[What to produce]: Your answer must be the full set of entries, reproduced exactly.

[Recorded information]:
(* Let $K$ be a precubical set. For any $p$-cube $x$ of $\omega\mathcal{L}(K)$ with $p\geq0$, there exist a $p$-cube $y$ of $K\subset\omega\mathcal{L}(K)$ and a map $\mu\in\widehat{\square}([p],[p])$ such that $x=\mu^*(y)$, where $\mu^*:\mathcal{L}(K)_p\to\mathcal{L}(K)_p$ is the image of $\mu$ under the presheaf $\mathcal{L}(K)$.
   Context: $[0]=\{()\}$, $[n]=\{0,1\}^n$ ($n\ge1$) with the product order. Face maps $\delta_i^\alpha:[n-1]\to[n]$ insert $\alpha\in\{0,1\}$ at position $i$; $\square$ is the category with objects $[n]$, $n\ge0$, generated by face maps; its presheaves are precubical sets. A map $[m]\to[n]$ is adjacency-preserving if strictly increasing and it sends pairs at Hamming distance $1$ to pairs at Hamming distance $1$; $\widehat\square$ is the category with objects $[n]$ and all adjacency-preserving maps (it contains $\square$); its presheaves are transverse symmetric precubical sets. $\omega$ is the restriction functor along $\square\subset\widehat\square$ and $\mathcal L$ its left adjoint. The unit $K\to\omega\mathcal L(K)$ is an injective map of presheaves, through which $K$ is regarded as a subobject of $\omega\mathcal L(K)$; $\omega\mathcal L(K)_p=\mathcal L(K)_p$. *)

theory Defs
  imports Main "HOL-Library.FuncSet"
begin

section \<open>The cubes [n] = {0,1}^n as bool lists of length n\<close>

definition cube :: "nat \<Rightarrow> bool list set" where
  "cube n = {xs. length xs = n}"

definition cle :: "bool list \<Rightarrow> bool list \<Rightarrow> bool" where
  "cle xs ys \<longleftrightarrow> list_all2 (\<le>) xs ys"

definition cless :: "bool list \<Rightarrow> bool list \<Rightarrow> bool" where
  "cless xs ys \<longleftrightarrow> cle xs ys \<and> xs \<noteq> ys"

[Answer for the task]:
(* Let $K$ be a precubical set. For any $p$-cube $x$ of $\omega\mathcal{L}(K)$ with $p\geq0$, there exist a $p$-cube $y$ of $K\subset\omega\mathcal{L}(K)$ and a map $\mu\in\widehat{\square}([p],[p])$ such that $x=\mu^*(y)$, where $\mu^*:\mathcal{L}(K)_p\to\mathcal{L}(K)_p$ is the image of $\mu$ under the presheaf $\mathcal{L}(K)$.
   Context: $[0]=\{()\}$, $[n]=\{0,1\}^n$ ($n\ge1$) with the product order. Face maps $\delta_i^\alpha:[n-1]\to[n]$ insert $\alpha\in\{0,1\}$ at position $i$; $\square$ is the category with objects $[n]$, $n\ge0$, generated by face maps; its presheaves are precubical sets. A map $[m]\to[n]$ is adjacency-preserving if strictly increasing and it sends pairs at Hamming distance $1$ to pairs at Hamming distance $1$; $\widehat\square$ is the category with objects $[n]$ and all adjacency-preserving maps (it contains $\square$); its presheaves are transverse symmetric precubical sets. $\omega$ is the restriction functor along $\square\subset\widehat\square$ and $\mathcal L$ its left adjoint. The unit $K\to\omega\mathcal L(K)$ is an injective map of presheaves, through which $K$ is regarded as a subobject of $\omega\mathcal L(K)$; $\omega\mathcal L(K)_p=\mathcal L(K)_p$. *)

theory Defs
  imports Main "HOL-Library.FuncSet"
begin

section \<open>The cubes [n] = {0,1}^n as bool lists of length n\<close>

definition cube :: "nat \<Rightarrow> bool list set" where
  "cube n = {xs. length xs = n}"

definition cle :: "bool list \<Rightarrow> bool list \<Rightarrow> bool" where
  "cle xs ys \<longleftrightarrow> list_all2 (\<le>) xs ys"

definition cless :: "bool list \<Rightarrow> bool list \<Rightarrow> bool" where
  "cless xs ys \<longleftrightarrow> cle xs ys \<and> xs \<noteq> ys"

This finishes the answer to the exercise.